Load the notation of this example
Load the parameter list of this example
Add an informative description of the function
Make sure that Free interface and Specify formula are selected in the Interface & Body Settings
Move to the tab Interface Specifications; add $P^{LV}$ as output and $T$ as input. Theoretically, it would make sense to use engineering units for this example, but we will not do that in this example. As a result, we need to make sure manually that our equations are unit-consistent
Move to the tab Body Specification and add the formula from the section on the model formulation from above: $\exp(A + \frac{B}{T} + C \cdot \ln(T) + D \cdot T^E)$
Save the function

The function has ID 182674.

Equation system

Go to the tab Equation System and add your equations in the same way as in the previous examples. Then go to the Functions tab within the equation system and take the following steps:

Add the function by clicking on the “Add” button at the bottom
Add an application by clicking on “Add Application”
Add $P_c^{LV}$ as Applied Naming for the output and $T$ as Applied Naming for the input
Add the parameters
$A_c$ , $B_c$ , $C_c$ , $D_c$ , and $E_c$ (now with component index!) as Applied Naming for the parameters
Confirm that and confirm again to close the popup windows. You should now see one application of the function within the equation system

The resulting equation system has ID 182675.

Evaluation / Simulation

Next, we can move to the “Simulation” section and load the equation system we just created. Then, we take the following steps:

Add a description for your simulation
In the tab on the Generic System, go to Functions and check whether MOSAICmodeling confirms two usages of the function in one application
Go to Indexing and enter 2 as Max Value for NC; then click on Confirm Index Data
Go to the Specifications tab and assign the following variables as design values:
- $F$
- $P$
- $T$
- $z_{c=1}$
- $z_{c=2}$
Assign the remaining six variables – i.e., $L$ , $V$ , $x_{c=1}$ , $x_{c=2}$ , $y_{c=1}$ , and $y_{c=2}$ – as iteration values
Now you may wonder where your parameters for the vapor pressure function are.
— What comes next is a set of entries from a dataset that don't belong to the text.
(* Let \(a,b,c\) be positive integers and let \(m\) be a positive integer that is not a perfect square. Then \((a,\,b+c\sqrt m)\) spans \(1\) in \(\mathbb Z[\sqrt m]\) if and only if \((a,\,b^2-c^2m)\) spans \(1\) in \(\mathbb Z\), i.e. \(\gcd(a,b^2-c^2m)=1\).
   Context: \(\mathbb Z[\sqrt m]=\{u+v\sqrt m\mid u,v\in\mathbb Z\}\). For a commutative ring \(R\) with \(1\), a pair \((\alpha_1,\alpha_2)\) spans \(1\) in \(R\) if \(\lambda_1\alpha_1+\lambda_2\alpha_2=1\) for some \(\lambda_1,\lambda_2\in R\). *)

theory Defs
  imports Main
begin

text \<open>Elements u + v sqrt m of Z[sqrt m] are represented by integer pairs (u, v).
  Since m is not a perfect square, this representation is unique.\<close>

definition zsqrt_mult :: "int \<Rightarrow> int \<times> int \<Rightarrow> int \<times> int \<Rightarrow> int \<times> int" where
  "zsqrt_mult m x y = (fst x * fst y + m * snd x * snd y, fst x * snd y + snd x * fst y)"

definition zsqrt_add :: "int \<times> int \<Rightarrow> int \<times> int \<Rightarrow> int \<times> int" where
  "zsqrt_add x y = (fst x + fst y, snd x + snd y)"

definition spans_one_zsqrt :: "int \<Rightarrow> int \<times> int \<Rightarrow> int \<times> int \<Rightarrow> bool" where
  "spans_one_zsqrt m \<alpha>1 \<alpha>2 \<longleftrightarrow>
     (\<exists>l1 l2. zsqrt_add (zsqrt_mult m l1 \<alpha>1) (zsqrt_mult m l2 \<alpha>2) = (1, 0))"

definition spans_one_int :: "int \<Rightarrow> int \<Rightarrow> bool" where
  "spans_one_int \<alpha>1 \<alpha>2 \<longleftrightarrow> (\<exists>l1 l2. l1 * \<alpha>1 + l2 * \<alpha>2 = 1)"

end

theory Submission
  imports Defs
begin

text \<open>With N(u + v sqrt m) = u^2 - m v^2, multiplicative, and N(beta) = beta * conj(beta):
  if lambda1 a + lambda2 beta = 1, reducing the norm of both sides modulo a gives
  1 = N(lambda2) N(beta) mod a; conversely x a + y N(beta) = 1 rewrites as
  x a + (y conj(beta)) beta = 1.\<close>

definition zsqrt_norm :: "int \<Rightarrow> int \<times> int \<Rightarrow> int" where
  "zsqrt_norm m x = fst x ^ 2 - m * snd x ^ 2"

definition zsqrt_cnj :: "int \<times> int \<Rightarrow> int \<times> int" where
  "zsqrt_cnj x = (fst x, - snd x)"

lemma zsqrt_norm_mult:
  "zsqrt_norm m (zsqrt_mult m x y) = zsqrt_norm m x * zsqrt_norm m y"
  by (simp add: zsqrt_norm_def zsqrt_mult_def power2_eq_square algebra_simps)

lemma zsqrt_mult_cnj: "zsqrt_mult m x (zsqrt_cnj x) = (zsqrt_norm m x, 0)"
  by (simp add: zsqrt_norm_def zsqrt_mult_def zsqrt_cnj_def power2_eq_square algebra_simps)

lemma zsqrt_mult_of_int: "zsqrt_mult m l (a, 0) = (a * fst l, a * snd l)"
  by (simp add: zsqrt_mult_def)

lemma zsqrt_norm_add_multiple:
  "a dvd zsqrt_norm m (zsqrt_add (a * p, a * q) y) - zsqrt_norm m y"
proof -
  have "zsqrt_norm m (zsqrt_add (a * p, a * q) y) - zsqrt_norm m y
      = a * (a * p ^ 2 - a * m * q ^ 2 + 2 * p * fst y - 2 * m * q * snd y)"
    by (simp add: zsqrt_norm_def zsqrt_add_def power2_eq_square algebra_simps)
  then show ?thesis by simp
qed

lemma spans_one_int_norm_if_spans_one_zsqrt:
  assumes "spans_one_zsqrt m (a, 0) \<beta>"
  shows "spans_one_int a (zsqrt_norm m \<beta>)"
proof -
  obtain l1 l2 where "zsqrt_add (zsqrt_mult m l1 (a, 0)) (zsqrt_mult m l2 \<beta>) = (1, 0)"
    using assms unfolding spans_one_zsqrt_def by blast
  then have "zsqrt_add (a * fst l1, a * snd l1) (zsqrt_mult m l2 \<beta>) = (1, 0)"
    by (simp add: zsqrt_mult_of_int)
  then have "a dvd 1 - zsqrt_norm m l2 * zsqrt_norm m \<beta>"
    using zsqrt_norm_add_multiple[where a = a and p = "fst l1" and q = "snd l1" and m = m
        and y = "zsqrt_mult m l2 \<beta>"]
    by (simp add: zsqrt_norm_mult, simp add: zsqrt_norm_def)
  then obtain k where "1 - zsqrt_norm m l2 * zsqrt_norm m \<beta> = a * k"
    by (rule dvdE)
  then have "k * a + zsqrt_norm m l2 * zsqrt_norm m \<beta> = 1"
    by (simp add: algebra_simps)
  then show ?thesis
    unfolding spans_one_int_def by blast
qed

lemma spans_one_zsqrt_if_spans_one_int_norm:
  assumes "spans_one_int a (zsqrt_norm m \<beta>)"
  shows "spans_one_zsqrt m (a, 0) \<beta>"
proof -
  obtain x y where xy: "x * a + y * zsqrt_norm m \<beta> = 1"
    using assms unfolding spans_one_int_def by blast
  have "zsqrt_mult m (y * fst \<beta>, - y * snd \<beta>) \<beta> = (y * zsqrt_norm m \<beta>, 0)"
    using zsqrt_mult_cnj[of m \<beta>]
    by (simp add: zsqrt_mult_def zsqrt_cnj_def algebra_simps)
  then have "zsqrt_add (zsqrt_mult m (x, 0) (a, 0)) (zsqrt_mult m (y * fst \<beta>, - y * snd \<beta>) \<beta>)
      = (1, 0)"
    using xy by (simp add: zsqrt_add_def zsqrt_mult_def)
  then show ?thesis
    unfolding spans_one_zsqrt_def by blast
qed

lemma spans_one_zsqrt_iff_spans_one_int_norm:
  "spans_one_zsqrt m (a, 0) \<beta> \<longleftrightarrow> spans_one_int a (zsqrt_norm m \<beta>)"
  using spans_one_int_norm_if_spans_one_zsqrt spans_one_zsqrt_if_spans_one_int_norm by blast

theorem lemma1:
  fixes a b c m :: int
  assumes "a > 0" and "b > 0" and "c > 0" and "m > 0"
    and "\<not> (\<exists>k::int. m = k ^ 2)"
  shows "spans_one_zsqrt m (a, 0) (b, c) \<longleftrightarrow>
           spans_one_int a (b ^ 2 - c ^ 2 * m)"
proof -
  have "zsqrt_norm m (b, c) = b ^ 2 - c ^ 2 * m"
    by (simp add: zsqrt_norm_def)
  then show ?thesis
    using spans_one_zsqrt_iff_spans_one_int_norm by metis
qed

end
Therefore, go to the Parameters tab where you should find these ten parameters

Initialization and results

To initialize and specify the model, take the following steps:

Initialize this example with the design values and initial guesses given in Table 1
Save the variable specification
Enter the parameter values given in Table 1
Save the parameter specification
Save the simulation
Go to the Evaluation tab and generate the code for your preferred environment / software package
Simulate the flash

This simulation is available with ID 182676 with variable specification 182677 and parameter specification 182678. The solution for all iteration variables is also given in Table 1.

Name	Description	Value / Initial guess	Solution
$F$	Feed mole flow in kmol/h	1.0
$P$	Pressure in Pa	101325
$T$	Temperature in K	354.6
$z_{c=1}$	Feed mole fraction of component 1 in mol/mol	0.5
$z_{c=2}$	Feed mole fraction of component 2 in mol/mol	0.5
$A_{c=1}$	Parameter in DIPPR equation	82.718
$B_{c=1}$	Parameter in DIPPR equation	-6904.5
$C_{c=1}$	Parameter in DIPPR equation	-8.8622
$D_{c=1}$	Parameter in DIPPR equation	7.4664E-6
$E_{c=1}$	Parameter in DIPPR equation	2.0
$A_{c=2}$	Parameter in DIPPR equation	73.649
$B_{c=2}$	Parameter in DIPPR equation	-7258.2
$C_{c=2}$	Parameter in DIPPR equation	-7.3037
$D_{c=2}$	Parameter in DIPPR equation	4.1653E-6
$E_{c=2}$	Parameter in DIPPR equation	2.0
$P_{c=1}^{LV}$	Calculated vapor pressure of component 1 in Pa		190176.44
$P_{c=1}^{LV}$	Calculated vapor pressure of component 2 in Pa		50216.55
$L$	Liquid mole flow in kmol/h	0.5	0.57892
$V$	Vapor mole flow in kmol/h	0.5	0.42108
$x_{c=1}$	Liquid mole fraction of component 1 in mol/mol	0.5	0.36516
$x_{c=2}$	Liquid mole fraction of component 2 in mol/mol	0.5	0.63484
$y_{c=1}$	Vapor mole fraction of component 1 in mol/mol	0.5	0.68538
$y_{c=2}$	Vapor mole fraction of component 2 in mol/mol	0.5	0.31462

Table 1: Overview of parameter values, initial guesses, and the solution.